For me, the strongest case for a more evolutionary approach in economics comes from the timeframes with which economics is engaged. In evolutionary biology, maximisation and equilibrium approaches typically assume plenty of time for the traits of interest to have evolved. Economics is more interested in short-term dynamics, possibly more in the style of ecological models where dynamic modelling is the norm. In that case, there may be a stronger case for evolutionary economics than for “evolutionary” evolutionary biology. *I’ve posted about other parts of this Krugman article before – here and here.

5 comments

  1. It has seemed to me, that classical game theorists (I’m more familiar with classical game theory in political science, but maybe this is true in economics) are often satisfied with finding best-response equilibria where evolutionary game theorists are more interested in out-of-equilibrium dynamics – that is stability of equilibria, basins of attraction, dynamics in games with infinite unstable equilibria, etc. I’ve read Bowles, Gintis, Peyton Young, etc., so I know this is not true for all game theorists outside biology, but this is also not a random sample of game theorists outside of biology. In Hamilton’s frog model it sounds like there may be one stable equilibrium, so it does not make much difference if you assume some sort of optimization. It’s where the fitness landscape is more bumpy that there may be a difference. Do you feel like this is generally the case?

    1. I’m tempted to agree with that distinction between classical and evolutionary game theory but am cautious against generalising. A lot of work in evolutionary game theory focuses on end-point equilibrium. That even seems to be the case in evolutionary biology much of the time – an interesting example of this is John McNamara’s (excellent) recent article calling for a richer evolutionary game theory, in which he focuses on the stable end points of two player games for his argument. Funnily enough, McNamara suggests looking to economics for richer models.

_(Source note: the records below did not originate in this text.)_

(* Let $\|\cdot\|$ be a norm on $\mathbb{R}^d$ and $T:\mathbb{R}^d\to\mathbb{R}^d$ a contraction with parameter $\gamma\in(0,1)$, i.e. $\|Tx-Ty\|\le\gamma\|x-y\|$, with unique fixed point $x^*$. Let $(\beta_n)_{n\ge1}\subseteq(0,1)$ be increasing, $x^0\in\mathbb{R}^d$, and $(x^n)$ generated by $x^n=(1-\beta_n)x^0+\beta_n(Tx^{n-1}+U_n)$, $n\ge1$, for arbitrary random vectors $U_n$. Then for every $n\ge1$, $$\|x^n-x^*\|\le\sum_{i=0}^n\gamma^{n-i}B_{i+1}^n\bigl((1-\beta_i)\|x^0-x^*\|+\beta_i\|U_i\|\bigr).$$
   Context: Notation: $B_i^n:=\prod_{j=i}^n\beta_j$ with $B_i^n=1$ if $i>n$; convention $\beta_0=0$ (so the $i=0$ term equals $\gamma^nB_1^n\|x^0-x^*\|$). *)

theory Defs
  imports "HOL-Analysis.Analysis"
begin

definition is_norm :: "('a::real_vector \<Rightarrow> real) \<Rightarrow> bool" where
  "is_norm N \<longleftrightarrow> (\<forall>x. N x \<ge> 0) \<and> (\<forall>x. N x = 0 \<longleftrightarrow> x = 0)
     \<and> (\<forall>c x. N (c *\<^sub>R x) = \<bar>c\<bar> * N x) \<and> (\<forall>x y. N (x + y) \<le> N x + N y)"

definition Bprod :: "(nat \<Rightarrow> real) \<Rightarrow> nat \<Rightarrow> nat \<Rightarrow> real" where
  "Bprod \<beta> i n = (\<Prod>j=i..n. \<beta> j)"

end

theory Submission
  imports Defs
begin

(* Each iterate is a convex combination of the anchor x_0 and a perturbed contraction step,
   so the error e_k = N (x_k - x* ) satisfies the linear recursive inequality
   e_k <= gamma beta_k e_(k-1) + (1 - beta_k) e_0 + beta_k N (U_k);
   unrolling it gives the bound. *)

lemma Bprod_Suc: "i \<le> Suc n \<Longrightarrow> Bprod a i (Suc n) = Bprod a i n * a (Suc n)"
  unfolding Bprod_def by (simp add: prod.nat_ivl_Suc')

lemma Bprod_empty: "n < i \<Longrightarrow> Bprod a i n = 1"
  by (simp add: Bprod_def)

lemma Bprod_scale: "Bprod (\<lambda>j. c * a j) i n = c ^ (Suc n - i) * Bprod a i n"
  by (simp add: Bprod_def prod.distrib)

lemma linear_recurrence_bound:
  fixes e a c :: "nat \<Rightarrow> real"
  assumes rec: "\<And>m. e (Suc m) \<le> a (Suc m) * e m + c (Suc m)"
    and nonneg: "\<And>m. 0 \<le> a (Suc m)"
  shows "e n \<le> Bprod a 1 n * e 0 + (\<Sum>i=1..n. Bprod a (i + 1) n * c i)"
proof (induction n)
  case 0
  show ?case by (simp add: Bprod_def)
next
  case (Suc n)
  have sum_Suc: "(\<Sum>i=1..Suc n. Bprod a (i + 1) (Suc n) * c i)
      = a (Suc n) * (\<Sum>i=1..n. Bprod a (i + 1) n * c i) + c (Suc n)"
  proof -
    have "(\<Sum>i=1..n. Bprod a (i + 1) (Suc n) * c i) = a (Suc n) * (\<Sum>i=1..n. Bprod a (i + 1) n * c i)"
      unfolding sum_distrib_left by (rule sum.cong) (simp_all add: Bprod_Suc mult_ac)
    then show ?thesis
      by (simp add: Bprod_empty)
  qed
  have "e (Suc n) \<le> a (Suc n) * e n + c (Suc n)"
    by (rule rec)
  also have "\<dots> \<le> a (Suc n) * (Bprod a 1 n * e 0 + (\<Sum>i=1..n. Bprod a (i + 1) n * c i)) + c (Suc n)"
    using Suc.IH nonneg by (simp add: mult_left_mono)
  also have "\<dots> = Bprod a 1 (Suc n) * e 0 + (\<Sum>i=1..Suc n. Bprod a (i + 1) (Suc n) * c i)"
    unfolding sum_Suc by (simp add: Bprod_Suc algebra_simps)
  finally show ?case .
qed

lemma anchored_step_error:
  fixes N :: "'a::real_vector \<Rightarrow> real"
  assumes "is_norm N"
    and contraction: "\<forall>y z. N (T y - T z) \<le> \<gamma> * N (y - z)"
    and fixpoint: "T xstar = xstar"
    and "0 \<le> b" "b \<le> 1"
  shows "N ((1 - b) *\<^sub>R x0 + b *\<^sub>R (T x + u) - xstar)
    \<le> b * \<gamma> * N (x - xstar) + ((1 - b) * N (x0 - xstar) + b * N u)"
proof -
  have triangle: "\<And>v w. N (v + w) \<le> N v + N w"
    and scale: "\<And>t v. N (t *\<^sub>R v) = \<bar>t\<bar> * N v"
    using \<open>is_norm N\<close> unfolding is_norm_def by auto
  have "(1 - b) *\<^sub>R x0 + b *\<^sub>R (T x + u) - xstar
      = (1 - b) *\<^sub>R (x0 - xstar) + (b *\<^sub>R (T x - T xstar) + b *\<^sub>R u)"
    using fixpoint by (simp add: algebra_simps)
  then have "N ((1 - b) *\<^sub>R x0 + b *\<^sub>R (T x + u) - xstar)
      \<le> N ((1 - b) *\<^sub>R (x0 - xstar)) + (N (b *\<^sub>R (T x - T xstar)) + N (b *\<^sub>R u))"
    by (metis triangle add_left_mono order_trans)
  also have "\<dots> = (1 - b) * N (x0 - xstar) + b * N (T x - T xstar) + b * N u"
    using \<open>0 \<le> b\<close> \<open>b \<le> 1\<close> by (simp add: scale)
  also have "\<dots> \<le> (1 - b) * N (x0 - xstar) + b * (\<gamma> * N (x - xstar)) + b * N u"
    using \<open>0 \<le> b\<close> contraction by (simp add: mult_left_mono)
  finally show ?thesis by (simp add: algebra_simps)
qed

theorem proposition2:
  fixes N :: "real ^ 'd \<Rightarrow> real"
    and T :: "real ^ 'd \<Rightarrow> real ^ 'd"
    and \<gamma> :: real and xstar :: "real ^ 'd"
    and \<beta> :: "nat \<Rightarrow> real"
    and U x :: "nat \<Rightarrow> real ^ 'd"
    and n :: nat
  assumes "is_norm N"
    and "0 < \<gamma>" and "\<gamma> < 1"
    and "\<forall>y z. N (T y - T z) \<le> \<gamma> * N (y - z)"
    and "T xstar = xstar"
    and "\<forall>k\<ge>1. 0 < \<beta> k \<and> \<beta> k < 1"
    and "\<forall>k\<ge>1. \<beta> k \<le> \<beta> (Suc k)"
    and "\<forall>k\<ge>1. x k = (1 - \<beta> k) *\<^sub>R x 0 + \<beta> k *\<^sub>R (T (x (k - 1)) + U k)"
    and "n \<ge> 1"
  shows "N (x n - xstar) \<le>
      \<gamma> ^ n * Bprod \<beta> 1 n * N (x 0 - xstar)
      + (\<Sum>i=1..n. \<gamma> ^ (n - i) * Bprod \<beta> (i + 1) n
           * ((1 - \<beta> i) * N (x 0 - xstar) + \<beta> i * N (U i)))"
proof -
  define c where "c k = (1 - \<beta> k) * N (x 0 - xstar) + \<beta> k * N (U k)" for k
  have "N (x (Suc m) - xstar) \<le> \<gamma> * \<beta> (Suc m) * N (x m - xstar) + c (Suc m)" for m
  proof -
    have "x (Suc m) = (1 - \<beta> (Suc m)) *\<^sub>R x 0 + \<beta> (Suc m) *\<^sub>R (T (x m) + U (Suc m))"
      using assms(8) by simp
    moreover have "0 \<le> \<beta> (Suc m)" "\<beta> (Suc m) \<le> 1"
      using assms(6) by (auto intro: less_imp_le)
    ultimately show ?thesis
      using anchored_step_error[OF assms(1,4,5), of "\<beta> (Suc m)" "x 0" "x m" "U (Suc m)"]
      by (simp add: c_def mult_ac)
  qed
  moreover have "0 \<le> \<gamma> * \<beta> (Suc m)" for m
    using assms(2) assms(6)[rule_format, of "Suc m"] by simp
  ultimately have "N (x n - xstar) \<le> Bprod (\<lambda>k. \<gamma> * \<beta> k) 1 n * N (x 0 - xstar)
      + (\<Sum>i=1..n. Bprod (\<lambda>k. \<gamma> * \<beta> k) (i + 1) n * c i)"
    by (rule linear_recurrence_bound)
  then show ?thesis
    by (simp add: Bprod_scale c_def mult_ac)
qed

end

      I tend to see Gintis, Bowles etc as outliers in their approach, at least until more recently when the use of computational methods etc has seen an explosion of simulation approaches, although not so much in economics.

  2. To get almost totally off the topic, I’m reading the recent biography of W.D. Hamilton and I was amused to learn that his rugby teammates at school called him “caveman” and “apeman” due to his massive jaw and brow:

  3. Awesome! Thank you for drawing my attention to Krugman’s article, I was not familiar with it before. I completely agree with you and him on that evolutionary biologists tend to not use evolutionary approaches, but I don’t think the longer time-scales excuse them from this. In a circular fashion, I have been highlighting the importance of worrying about the dynamics and unreasonableness of standard equilibrium assumptions using tools from algorithmic game theory that were used by cstheorists before me to alter how economists think about market equilibrium.